Computer scientists at the University of Canterbury have developed artificial intelligence that peers through dense foliage to locate and measure hidden fruit. Professor Richard Green leads the UC Vision project, where Dr. Richie Ellingham created the AI and computer vision system designed specifically for horticultural applications.

The technology addresses a persistent challenge in fruit farming. Harvesters traditionally must part leaves manually to spot ripening fruit, a labor-intensive and time-consuming process. The new system automates this detection, identifying fruit obscured by branches and leaves while simultaneously measuring their size and tracking their location and growth over time.

The approach combines machine learning with advanced imaging techniques to see through the visual obstruction that natural foliage creates. By training the AI on large datasets of horticultural imagery, researchers enabled the system to recognize fruit characteristics even when partially or fully hidden from direct view.

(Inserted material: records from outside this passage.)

(* Define $E_{0,n}(x)=1$ for all $n\ge0$, $E_{1,n}(x)=1+x$ for all $n\ge1$, and for $2\le k\le n$, $E_{k,n}(x)=\widetilde{E}^{\mathbf{s}}_{k-1}(x)$ with $\mathbf{s}=(n-k+2,\dots,n)$. Then for all $1\le k\le n$, \[E_{k,n}(x)=E_{k-1,n-1}(x)+x\sum_{j=0}^{k-1}\binom{n-1}{j}A_j(x)\,E_{k-1-j,n-1-j}(x).\]
   Context: For $\mathbf{s}=(s_1,\dots,s_m)\in\mathbb{Z}_{>0}^m$ let $\mathcal{I}^{\mathbf{s}}_m=\{\mathbf{e}\in\mathbb{Z}^m:0\le e_i<s_i\}$, with $e_0=e_{m+1}=0$, $s_0=s_{m+1}=1$; $i\in\{0,\dots,m\}$ is an ascent if $e_i/s_i<e_{i+1}/s_{i+1}$ and a collision if $e_i/s_i=e_{i+1}/s_{i+1}$; $\widetilde{E}^{\mathbf{s}}_m(x)=\sum_{\mathbf{e}\in\mathcal{I}^{\mathbf{s}}_m}(1+x)^{\mathrm{col}(\mathbf{e})}x^{\mathrm{asc}(\mathbf{e})}$. Eulerian polynomials: $A_0(x)=1$, $A_n(x)=\sum_{\sigma\in\mathfrak{S}_n}x^{\mathrm{des}(\sigma)}$ for $n\ge1$, $\mathrm{des}(\sigma)=|\{i\in[n-1]:\sigma_i>\sigma_{i+1}\}|$. *)

theory Defs
  imports "HOL-Computational_Algebra.Polynomial" "HOL-Combinatorics.Permutations"
begin

definition inv_seqs :: "nat list \<Rightarrow> nat list set" where
  "inv_seqs s = {e. length e = length s \<and> (\<forall>i<length s. e ! i < s ! i)}"

text \<open>Padded versions: e_0 = e_{m+1} = 0 and s_0 = s_{m+1} = 1; position i of the padded
  list is index i (0..m+1).\<close>
definition pad_e :: "nat list \<Rightarrow> nat list" where
  "pad_e e = [0] @ e @ [0]"

definition pad_s :: "nat list \<Rightarrow> nat list" where
  "pad_s s = [1] @ s @ [1]"

definition ratio :: "nat list \<Rightarrow> nat list \<Rightarrow> nat \<Rightarrow> rat" where
  "ratio s e i = of_nat (pad_e e ! i) / of_nat (pad_s s ! i)"

definition asc :: "nat list \<Rightarrow> nat list \<Rightarrow> nat" where
  "asc s e = card {i. i \<le> length s \<and> ratio s e i < ratio s e (Suc i)}"

definition col :: "nat list \<Rightarrow> nat list \<Rightarrow> nat" where
  "col s e = card {i. i \<le> length s \<and> ratio s e i = ratio s e (Suc i)}"

definition Etilde :: "nat list \<Rightarrow> int poly" where
  "Etilde s = (\<Sum>e\<in>inv_seqs s. [:1, 1:] ^ col s e * [:0, 1:] ^ asc s e)"

definition des :: "nat \<Rightarrow> (nat \<Rightarrow> nat) \<Rightarrow> nat" where
  "des n \<sigma> = card {i \<in> {1..<n}. \<sigma> i > \<sigma> (Suc i)}"

definition eulerian :: "nat \<Rightarrow> int poly" where
  "eulerian n = (if n = 0 then 1 else
     (\<Sum>\<sigma>\<in>{\<sigma>. \<sigma> permutes {1..n}}. [:0, 1:] ^ des n \<sigma>))"

text \<open>E_{k,n}; meaningful for k \<le> n (and n \<ge> 1 when k = 1). For k \<ge> 2,
  s = (n-k+2, ..., n) is the list [n-k+2 ..< n+1] of length k-1.\<close>
definition Ekn :: "nat \<Rightarrow> nat \<Rightarrow> int poly" where
  "Ekn k n = (if k = 0 then 1 else if k = 1 then [:1, 1:]
              else Etilde [n - k + 2 ..< n + 1])"

end

theory Submission
  imports Defs "HOL-Library.Infinite_Set"
begin

text \<open>For \<open>s = (c+1, \<dots>, c+m)\<close> two consecutive ratios \<open>e\<^sub>i/s\<^sub>i\<close> compare like the entries
  \<open>e\<^sub>i\<close> themselves and collide only when both entries vanish, so \<open>E\<^sub>k\<^sub>,\<^sub>n\<close> is a sum of
  products of local weights along \<open>0, e\<^sub>1, \<dots>, e\<^sub>m, 0\<close>. Cutting \<open>e\<close> after its last zero
  splits it into a shorter sequence ending in zero and a zero-free tail, and the weight
  factorizes accordingly; this yields a convolution recursion. The zero-free tails of length
  \<open>j\<close> counted by ascents have generating polynomial \<open>binomial (c + j - 1) j \<cdot> A\<^sub>j(x)\<close>:
  reflecting the last letter identifies their recursion in the last letter with that of
  injective words of length \<open>j\<close> over \<open>{1..c+j-1}\<close> counted by descents, and standardizing an
  injective word yields a permutation with the same descents.\<close>

text \<open>The weight of an adjacent pair in \<open>0, e\<^sub>1, \<dots>, e\<^sub>m, 0\<close>: \<open>x\<close> for an ascent, \<open>1 + x\<close> for a
  collision (necessarily of two zeros, see \<open>ratio_eq_consecutive_iff\<close>), \<open>1\<close> otherwise.\<close>

definition pair_weight :: "nat \<Rightarrow> nat \<Rightarrow> int poly" where
  "pair_weight a b = (if a < b then [:0, 1:] else if a = 0 \<and> b = 0 then [:1, 1:] else 1)"

fun list_weight :: "nat list \<Rightarrow> int poly" where
  "list_weight [] = 1"
| "list_weight [a] = 1"
| "list_weight (a # b # r) = pair_weight a b * list_weight (b # r)"

lemma list_weight_append: "list_weight (xs @ y # ys) = list_weight (xs @ [y]) * list_weight (y # ys)"
proof (induction xs)
  case (Cons a xs)
  then show ?case by (cases xs) auto
qed simp

lemma list_weight_snoc:
  assumes "xs \<noteq> []"
  shows "list_weight (xs @ [z]) = list_weight xs * pair_weight (last xs) z"
proof -
  have "xs = butlast xs @ [last xs]" using assms by simp
  then show ?thesis
    using list_weight_append[of "butlast xs" "last xs" "[z]"] by (metis append.assoc append_Cons
        append_Nil list_weight.simps(2,3) mult.right_neutral)
qed

lemma list_weight_conv_prod: "list_weight p = (\<Prod>i<length p - 1. pair_weight (p ! i) (p ! Suc i))"
proof (induction p rule: list_weight.induct)
  case (3 a b r)
  have "(\<Prod>i<length (a # b # r) - 1. pair_weight ((a # b # r) ! i) ((a # b # r) ! Suc i))
      = pair_weight a b * (\<Prod>i<length r. pair_weight ((b # r) ! i) ((b # r) ! Suc i))"
    by (simp add: prod.lessThan_Suc_shift del: prod.lessThan_Suc)
  then show ?case using 3 by simp
qed auto

lemma prod_pair_weight:
  fixes p :: "nat \<Rightarrow> nat"
  assumes "finite I"
  shows "(\<Prod>i\<in>I. pair_weight (p i) (p (Suc i)))
    = [:1, 1:] ^ card {i\<in>I. p i = 0 \<and> p (Suc i) = 0} * [:0, 1:] ^ card {i\<in>I. p i < p (Suc i)}"
proof -
  let ?A = "{i\<in>I. p i < p (Suc i)}" and ?Z = "{i\<in>I. p i = 0 \<and> p (Suc i) = 0}"
  have "(\<Prod>i\<in>I. pair_weight (p i) (p (Suc i)))
      = (\<Prod>i\<in>I \<inter> {i. p i < p (Suc i)}. [:0, 1:]) *
        (\<Prod>i\<in>I \<inter> - {i. p i < p (Suc i)}. if p i = 0 \<and> p (Suc i) = 0 then [:1, 1:] else 1)"
    unfolding pair_weight_def by (rule prod.If_cases[OF assms])
  also have "(\<Prod>i\<in>I \<inter> - {i. p i < p (Suc i)}. if p i = 0 \<and> p (Suc i) = 0 then [:1, 1:] else 1)
      = (\<Prod>i\<in>I \<inter> - {i. p i < p (Suc i)} \<inter> {i. p i = 0 \<and> p (Suc i) = 0}. [:1, 1:] :: int poly)"
    using assms by (simp add: prod.If_cases)
  also have "I \<inter> - {i. p i < p (Suc i)} \<inter> {i. p i = 0 \<and> p (Suc i) = 0} = ?Z" by auto
  also have "I \<inter> {i. p i < p (Suc i)} = ?A" by auto
  finally show ?thesis by (simp add: mult.commute)
qed

lemma cross_mult_Suc_less_iff:
  fixes a b s :: nat
  assumes "a < s"
  shows "a * Suc s < b * s \<longleftrightarrow> a < b"
proof
  assume "a < b"
  then have "Suc a * s \<le> b * s" by (intro mult_le_mono1) simp
  then show "a * Suc s < b * s" using assms by simp
next
  assume "a * Suc s < b * s"
  moreover have "b * s \<le> a * Suc s" if "b \<le> a"
    using that by (simp add: mult_le_mono1 trans_le_add2)
  ultimately show "a < b" by (meson not_le)
qed

lemma cross_mult_Suc_eq_iff:
  fixes a b s :: nat
  assumes "a < s"
  shows "a * Suc s = b * s \<longleftrightarrow> a = 0 \<and> b = 0"
proof
  assume eq: "a * Suc s = b * s"
  have "\<not> a < b" using cross_mult_Suc_less_iff[OF assms, of b] eq by simp
  moreover have "\<not> b < a"
  proof
    assume "b < a"
    then have "b * s < a * s" using assms by simp
    then show False using eq by (metis le_add2 mult_Suc_right not_le)
  qed
  ultimately show "a = 0 \<and> b = 0" using eq by simp
qed simp

text \<open>Hypothesis \<open>adjacent\<close> holds for consecutive ratios of a padded sequence with
  \<open>s = (c+1, \<dots>, c+m)\<close>: either one side is the padding \<open>0/1\<close> or the denominators differ by one.\<close>

lemma
  fixes a b sa sb :: nat
  assumes "0 < sa" "0 < sb" "a < sa"
    and adjacent: "(a = 0 \<and> sa = 1) \<or> (b = 0 \<and> sb = 1) \<or> sb = Suc sa"
  shows frac_less_frac_iff: "(of_nat a / of_nat sa < (of_nat b / of_nat sb :: rat)) \<longleftrightarrow> a < b"
    and frac_eq_frac_iff: "(of_nat a / of_nat sa = (of_nat b / of_nat sb :: rat)) \<longleftrightarrow> a = 0 \<and> b = 0"
proof -
  have "(of_nat a / of_nat sa < (of_nat b / of_nat sb :: rat)) \<longleftrightarrow> a * sb < b * sa"
    using assms(1,2) by (simp add: divide_simps flip: of_nat_mult)
  then show "(of_nat a / of_nat sa < (of_nat b / of_nat sb :: rat)) \<longleftrightarrow> a < b"
    using adjacent cross_mult_Suc_less_iff[OF assms(3), of b] assms(1,2) by auto
  have "(of_nat a / of_nat sa = (of_nat b / of_nat sb :: rat)) \<longleftrightarrow> a * sb = b * sa"
    using assms(1,2) by (simp add: divide_simps flip: of_nat_mult)
  then show "(of_nat a / of_nat sa = (of_nat b / of_nat sb :: rat)) \<longleftrightarrow> a = 0 \<and> b = 0"
    using adjacent cross_mult_Suc_eq_iff[OF assms(3), of b] assms(1,2) by auto
qed

definition bounded_seqs :: "nat \<Rightarrow> nat \<Rightarrow> nat list set" where
  "bounded_seqs c m = {e. length e = m \<and> (\<forall>i<m. e ! i < c + 1 + i)}"

lemma inv_seqs_consecutive: "inv_seqs [c + 1..<c + m + 1] = bounded_seqs c m"
  unfolding inv_seqs_def bounded_seqs_def by (auto simp del: upt_Suc)

lemma pad_s_consecutive_nth:
  assumes "i \<le> Suc m"
  shows "pad_s [c + 1..<c + m + 1] ! i = (if i = 0 \<or> i = Suc m then 1 else c + i)"
  using assms unfolding pad_s_def by (auto simp: nth_append nth_Cons')

lemma pad_e_nth:
  assumes "length e = m" "i \<le> Suc m"
  shows "pad_e e ! i = (if i = 0 \<or> i = Suc m then 0 else e ! (i - 1))"
  using assms unfolding pad_e_def by (auto simp: nth_append nth_Cons')

lemma
  assumes e: "e \<in> bounded_seqs c m" and i: "i \<le> m"
  shows ratio_less_consecutive_iff:
      "ratio [c + 1..<c + m + 1] e i < ratio [c + 1..<c + m + 1] e (Suc i)
         \<longleftrightarrow> pad_e e ! i < pad_e e ! Suc i"
    and ratio_eq_consecutive_iff:
      "ratio [c + 1..<c + m + 1] e i = ratio [c + 1..<c + m + 1] e (Suc i)
         \<longleftrightarrow> pad_e e ! i = 0 \<and> pad_e e ! Suc i = 0"
proof -
  let ?s = "[c + 1..<c + m + 1]"
  have len: "length e = m" and bd: "\<And>i. i < m \<Longrightarrow> e ! i < c + 1 + i"
    using e by (auto simp: bounded_seqs_def)
  define a b sa sb where "a = pad_e e ! i" and "b = pad_e e ! Suc i"
    and "sa = pad_s ?s ! i" and "sb = pad_s ?s ! Suc i"
  have sa: "sa = (if i = 0 then 1 else c + i)" and sb: "sb = (if i = m then 1 else c + Suc i)"
    unfolding sa_def sb_def using i by (subst pad_s_consecutive_nth; simp)+
  have a: "a = (if i = 0 then 0 else e ! (i - 1))" and b: "b = (if i = m then 0 else e ! i)"
    unfolding a_def b_def using i len by (simp_all add: pad_e_nth)
  have "a < sa" using bd[of "i - 1"] i by (auto simp: a sa)
  moreover have "(a = 0 \<and> sa = 1) \<or> (b = 0 \<and> sb = 1) \<or> sb = Suc sa" by (auto simp: a b sa sb)
  moreover have "0 < sa" "0 < sb" by (auto simp: sa sb)
  moreover have "ratio ?s e i = of_nat a / of_nat sa" "ratio ?s e (Suc i) = of_nat b / of_nat sb"
    unfolding ratio_def a_def b_def sa_def sb_def by auto
  ultimately show "ratio ?s e i < ratio ?s e (Suc i) \<longleftrightarrow> pad_e e ! i < pad_e e ! Suc i"
    and "ratio ?s e i = ratio ?s e (Suc i) \<longleftrightarrow> pad_e e ! i = 0 \<and> pad_e e ! Suc i = 0"
    using frac_less_frac_iff frac_eq_frac_iff by (simp_all add: a_def b_def)
qed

The implications extend across multiple sectors within agriculture. Automated fruit detection could reduce harvesting time, lower labor costs, and improve efficiency in commercial orchards and greenhouse operations. The ability to track individual fruit growth patterns also provides farmers with data to optimize ripening schedules and harvest timing, potentially increasing yield quality and consistency.

UC Vision's work represents a practical application of computer vision technology that moves beyond laboratory demonstrations into real-world farming scenarios. Horticulture has historically lagged in automation compared to other agricultural sectors, making this development particularly relevant for modern farming operations facing labor shortages and rising operational costs.

The researchers have not yet disclosed details about deployment timelines or whether commercial partnerships are in development. The technology's effectiveness across different fruit varieties and growing conditions requires further validation before widespread adoption becomes feasible.